╭─ SUPPLIED MATERIAL

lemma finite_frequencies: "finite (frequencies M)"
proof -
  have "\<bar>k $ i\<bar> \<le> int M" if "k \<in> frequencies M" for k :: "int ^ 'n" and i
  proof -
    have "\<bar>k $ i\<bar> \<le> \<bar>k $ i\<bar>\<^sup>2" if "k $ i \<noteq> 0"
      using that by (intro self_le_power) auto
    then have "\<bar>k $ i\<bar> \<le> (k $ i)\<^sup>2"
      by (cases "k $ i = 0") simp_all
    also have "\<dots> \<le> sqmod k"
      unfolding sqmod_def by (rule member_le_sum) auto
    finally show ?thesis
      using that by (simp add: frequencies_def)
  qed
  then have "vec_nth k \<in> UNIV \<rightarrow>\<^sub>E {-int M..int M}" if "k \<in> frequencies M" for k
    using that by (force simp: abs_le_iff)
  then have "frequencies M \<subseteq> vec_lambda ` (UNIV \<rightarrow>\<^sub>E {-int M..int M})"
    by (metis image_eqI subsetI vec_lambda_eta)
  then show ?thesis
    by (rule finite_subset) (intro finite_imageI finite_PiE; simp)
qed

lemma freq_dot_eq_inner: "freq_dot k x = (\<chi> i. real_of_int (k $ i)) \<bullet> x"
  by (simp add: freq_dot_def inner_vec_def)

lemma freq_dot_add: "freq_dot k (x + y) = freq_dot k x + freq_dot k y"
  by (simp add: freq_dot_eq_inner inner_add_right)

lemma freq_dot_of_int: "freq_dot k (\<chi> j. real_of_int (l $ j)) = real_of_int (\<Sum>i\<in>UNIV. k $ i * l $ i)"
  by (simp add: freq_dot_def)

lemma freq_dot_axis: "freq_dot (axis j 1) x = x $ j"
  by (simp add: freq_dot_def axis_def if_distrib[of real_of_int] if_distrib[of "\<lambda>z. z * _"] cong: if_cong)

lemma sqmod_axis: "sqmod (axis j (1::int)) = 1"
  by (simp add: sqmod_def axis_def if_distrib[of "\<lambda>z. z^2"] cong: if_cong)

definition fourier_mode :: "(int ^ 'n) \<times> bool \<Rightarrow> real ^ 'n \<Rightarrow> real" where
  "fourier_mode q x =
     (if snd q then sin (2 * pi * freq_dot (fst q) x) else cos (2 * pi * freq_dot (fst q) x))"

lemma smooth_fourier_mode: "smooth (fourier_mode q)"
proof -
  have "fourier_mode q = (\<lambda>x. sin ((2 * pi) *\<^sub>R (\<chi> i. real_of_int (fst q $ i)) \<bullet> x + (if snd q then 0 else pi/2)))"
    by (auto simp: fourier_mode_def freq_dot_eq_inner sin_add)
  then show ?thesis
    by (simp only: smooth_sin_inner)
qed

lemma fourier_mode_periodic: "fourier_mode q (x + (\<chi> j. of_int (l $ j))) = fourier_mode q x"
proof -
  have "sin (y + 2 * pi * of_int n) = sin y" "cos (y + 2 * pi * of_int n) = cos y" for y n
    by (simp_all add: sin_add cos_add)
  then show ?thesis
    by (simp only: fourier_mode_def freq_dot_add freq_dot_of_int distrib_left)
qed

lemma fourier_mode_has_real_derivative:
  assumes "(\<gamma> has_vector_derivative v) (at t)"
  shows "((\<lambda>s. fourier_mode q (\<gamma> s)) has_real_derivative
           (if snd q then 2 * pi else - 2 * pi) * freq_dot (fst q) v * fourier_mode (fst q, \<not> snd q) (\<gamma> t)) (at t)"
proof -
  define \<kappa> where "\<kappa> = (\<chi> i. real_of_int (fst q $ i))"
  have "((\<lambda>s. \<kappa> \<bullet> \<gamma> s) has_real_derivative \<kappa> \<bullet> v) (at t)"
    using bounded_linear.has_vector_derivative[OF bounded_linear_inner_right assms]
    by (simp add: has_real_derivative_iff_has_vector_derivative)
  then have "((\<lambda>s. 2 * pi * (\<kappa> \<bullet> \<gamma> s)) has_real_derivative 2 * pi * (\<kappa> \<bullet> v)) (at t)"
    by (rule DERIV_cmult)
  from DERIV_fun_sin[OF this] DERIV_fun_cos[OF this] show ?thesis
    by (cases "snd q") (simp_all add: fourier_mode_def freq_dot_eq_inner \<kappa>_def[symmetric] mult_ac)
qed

╰─

Look above for the line containing "by (simp only: fourier_mode_def". Output from there through the line containing "(\<gamma> s)) has_real_derivative", exactly and inclusively.

EXERCISE ANSWER
    by (simp only: fourier_mode_def freq_dot_add freq_dot_of_int distrib_left)
qed

lemma fourier_mode_has_real_derivative:
  assumes "(\<gamma> has_vector_derivative v) (at t)"
  shows "((\<lambda>s. fourier_mode q (\<gamma> s)) has_real_derivative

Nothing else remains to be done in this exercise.